Lines holding the word "case" must be located in the listing below and copied.

Data extract below:

(* Let $(\Omega,\mathcal{F},P,T)$ be a measure preserving system. The following are equivalent: (i) $P$ is weakly mixing; (ii) for every $r>0$, $\lim_{n\to\infty}\frac{1}{n}\sum_{i=0}^{n-1}P^r(B\cap T^{-i}C)=P^r(B)P^r(C)$ for all $B,C\in\mathcal{F}$; (iii) for all $B,C\in\mathcal{F}$, $\lim_{n\to\infty}\frac{1}{n}\sum_{i=0}^{n-1}P(B\cap T^{-i}C)=P(B)P(C)$, and there exists $r=r_{B,C}\in(0,1/2]$ such that $\lim_{n\to\infty}\frac{1}{n}\sum_{i=0}^{n-1}P^r(B\cap T^{-i}C)=P^r(B)P^r(C)$. In particular, $P$ is weakly mixing if and only if $P$ is ergodic and $\lim_{n\to\infty}\frac{1}{n}\sum_{i=0}^{n-1}P^{1/2}(B\cap T^{-i}C)=P^{1/2}(B)P^{1/2}(C)$ for all $B,C\in\mathcal{F}$.
   Context: A measure preserving system $(\Omega,\mathcal{F},P,T)$ consists of a probability space and a measurable $T:\Omega\to\Omega$ with $P(T^{-1}A)=P(A)$ for all $A\in\mathcal{F}$. $P^r(A)$ denotes $(P(A))^r$. $P$ is ergodic if $P(A)\in\{0,1\}$ whenever $T^{-1}A=A$; weakly mixing if $P\times P$ is ergodic for $T\times T$. *)

theory Defs
  imports "HOL-Probability.Probability"
begin

definition mps :: "'a measure \<Rightarrow> ('a \<Rightarrow> 'a) \<Rightarrow> bool" where
  "mps M T \<longleftrightarrow> prob_space M \<and> T \<in> M \<rightarrow>\<^sub>M M \<and>
     (\<forall>A\<in>sets M. measure M (T -` A \<inter> space M) = measure M A)"

definition ergodic :: "'a measure \<Rightarrow> ('a \<Rightarrow> 'a) \<Rightarrow> bool" where
  "ergodic M T \<longleftrightarrow>
     (\<forall>A\<in>sets M. T -` A \<inter> space M = A \<longrightarrow> measure M A = 0 \<or> measure M A = 1)"

definition weakly_mixing :: "'a measure \<Rightarrow> ('a \<Rightarrow> 'a) \<Rightarrow> bool" where
  "weakly_mixing M T \<longleftrightarrow> ergodic (M \<Otimes>\<^sub>M M) (\<lambda>(x, y). (T x, T y))"

definition cesaro_pow :: "'a measure \<Rightarrow> ('a \<Rightarrow> 'a) \<Rightarrow> real \<Rightarrow> 'a set \<Rightarrow> 'a set \<Rightarrow> bool" where
  "cesaro_pow M T r B C \<longleftrightarrow>
     (\<lambda>n. (\<Sum>i<n. measure M (B \<inter> ((T ^^ i) -` C \<inter> space M)) powr r) / real n)
       \<longlonglongrightarrow> (measure M B powr r) * (measure M C powr r)"

definition cesaro :: "'a measure \<Rightarrow> ('a \<Rightarrow> 'a) \<Rightarrow> 'a set \<Rightarrow> 'a set \<Rightarrow> bool" where
  "cesaro M T B C \<longleftrightarrow>
     (\<lambda>n. (\<Sum>i<n. measure M (B \<inter> ((T ^^ i) -` C \<inter> space M))) / real n)
       \<longlonglongrightarrow> measure M B * measure M C"

end

theory Submission
  imports Defs
begin
(* Let $A\in\mathcal{O}(\mathrm{S}^2_q)$ act on $\mathcal{H}$ via the Dąbrowski–Sitarz representation and let $M:=L^2K^2$. Then the operator $A_0:=(A-M)L^{-1}$, defined on the span of the basis vectors, extends to a bounded operator on $\mathcal{H}$; i.e. there is a bounded operator $A_0$ with $A=M+A_0L$.
   Context: Fix $q\in(0,1)$, $[n]_q=(q^n-q^{-n})/(q-q^{-1})$. $\mathcal{H}=\mathcal{H}_-\oplus\mathcal{H}_+$ has orthonormal basis $v^l_{k,\pm}\in\mathcal{H}_\pm$, $l\in\{\frac12,\frac32,\dots\}$, $k\in\{-l,\dots,l\}$; $Lv^l_{k,\pm}=q^lv^l_{k,\pm}$, $Kv^l_{k,\pm}=q^kv^l_{k,\pm}$. The generator $A$ of the Podleś sphere acts by $A=(1-x_0)/(1+q^2)$, where $x_0v^l_{k,\pm}=\alpha^-_0(l,k)_\pm v^{l-1}_{k,\pm}+\alpha^0_0(l,k)_\pm v^l_{k,\pm}+\alpha^+_0(l,k)_\pm v^{l+1}_{k,\pm}$ (with $v^{1/2-1}_{k,\pm}:=0$ and $\alpha^-_0(l,k)_\pm=0$ when $|k|>l-1$), and $\alpha^-_0(l,k)_\pm=\frac{q^{k\pm1/2}[2]_q[l-k]_q^{1/2}[l+k]_q^{1/2}[l-1/2]_q^{1/2}[l+1/2]_q^{1/2}}{[2l-1]_q^{1/2}[2l]_q[2l+1]_q^{1/2}}$, $\alpha^+_0(l,k)_\pm=\alpha^-_0(l+1,k)_\pm$, $\alpha^0_0(l,k)_\pm=[2l]_q^{-1}([l-k+1]_q[l+k]_q-q^2[l-k]_q[l+k+1]_q)\beta_\pm(l)$, with $\beta_\pm(l)=\frac{\pm q^{\mp1}+(q-q^{-1})([1/2]_q[3/2]_q-[l]_q[l+1]_q)}{q[2l+2]_q}$. *)

theory Defs
  imports Complex_Main
begin

text \<open>Basis index (s, l, k) of v^l_{k,s}: s = True for the '+' summand, False for '-'.\<close>
type_synonym idx = "bool \<times> real \<times> real"

definition valid_idx :: "idx \<Rightarrow> bool" where
  "valid_idx i = (case i of (s, l, k) \<Rightarrow>
     (\<exists>n::nat. l = real n + 1/2) \<and> (\<exists>m::int. k = real_of_int m + 1/2) \<and> \<bar>k\<bar> \<le> l)"

definition lev :: "idx \<Rightarrow> real" where "lev i = fst (snd i)"

definition qnum :: "real \<Rightarrow> real \<Rightarrow> real" where
  "qnum q x = (q powr x - q powr (-x)) / (q - 1/q)"

definition sgn_of :: "bool \<Rightarrow> real" where "sgn_of s = (if s then 1 else -1)"

definition alpha_minus :: "real \<Rightarrow> bool \<Rightarrow> real \<Rightarrow> real \<Rightarrow> real" where
  "alpha_minus q s l k = (if \<bar>k\<bar> > l - 1 then 0 else
     q powr (k + sgn_of s / 2) * qnum q 2 * sqrt (qnum q (l - k)) * sqrt (qnum q (l + k))
       * sqrt (qnum q (l - 1/2)) * sqrt (qnum q (l + 1/2))
     / (sqrt (qnum q (2*l - 1)) * qnum q (2*l) * sqrt (qnum q (2*l + 1))))"

definition alpha_plus :: "real \<Rightarrow> bool \<Rightarrow> real \<Rightarrow> real \<Rightarrow> real" where
  "alpha_plus q s l k = alpha_minus q s (l + 1) k"

definition beta :: "real \<Rightarrow> bool \<Rightarrow> real \<Rightarrow> real" where
  "beta q s l = (sgn_of s * q powr (- sgn_of s)
       + (q - 1/q) * (qnum q (1/2) * qnum q (3/2) - qnum q l * qnum q (l + 1)))
     / (q * qnum q (2*l + 2))"

definition alpha_zero :: "real \<Rightarrow> bool \<Rightarrow> real \<Rightarrow> real \<Rightarrow> real" where
  "alpha_zero q s l k = (qnum q (l - k + 1) * qnum q (l + k) - q\<^sup>2 * qnum q (l - k) * qnum q (l + k + 1))
     / qnum q (2*l) * beta q s l"

text \<open>Matrix entries: mat i j = coefficient of basis vector i in (operator applied to basis vector j).\<close>
definition x0_mat :: "real \<Rightarrow> idx \<Rightarrow> idx \<Rightarrow> real" where
  "x0_mat q i j = (case i of (s', l', k') \<Rightarrow> case j of (s, l, k) \<Rightarrow>
     if s' = s \<and> k' = k then
       (if l' = l - 1 then alpha_minus q s l k
        else if l' = l then alpha_zero q s l k
        else if l' = l + 1 then alpha_plus q s l k else 0)
     else 0)"

definition A_mat :: "real \<Rightarrow> idx \<Rightarrow> idx \<Rightarrow> real" where
  "A_mat q i j = ((if i = j then 1 else 0) - x0_mat q i j) / (1 + q\<^sup>2)"

text \<open>M = L^2 K^2, diagonal with eigenvalue q^(2l+2k).\<close>
definition M_mat :: "real \<Rightarrow> idx \<Rightarrow> idx \<Rightarrow> real" where
  "M_mat q i j = (if i = j then (case j of (s, l, k) \<Rightarrow> q powr (2*l + 2*k)) else 0)"

text \<open>A0 = (A - M) L^(-1), with L^(-1) diagonal with eigenvalue q^(-l).\<close>
definition A0_mat :: "real \<Rightarrow> idx \<Rightarrow> idx \<Rightarrow> real" where
  "A0_mat q i j = (A_mat q i j - M_mat q i j) * q powr (- lev j)"

definition mat_apply :: "(idx \<Rightarrow> idx \<Rightarrow> real) \<Rightarrow> (idx \<Rightarrow> complex) \<Rightarrow> idx \<Rightarrow> complex" where
  "mat_apply a v i = (\<Sum>j\<in>{j. v j \<noteq> 0}. complex_of_real (a i j) * v j)"

end

theory Submission
  imports Defs
begin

End of Data extract.

_Task result_
  "valid_idx i = (case i of (s, l, k) \<Rightarrow>
  "x0_mat q i j = (case i of (s', l', k') \<Rightarrow> case j of (s, l, k) \<Rightarrow>
  "M_mat q i j = (if i = j then (case j of (s, l, k) \<Rightarrow> q powr (2*l + 2*k)) else 0)"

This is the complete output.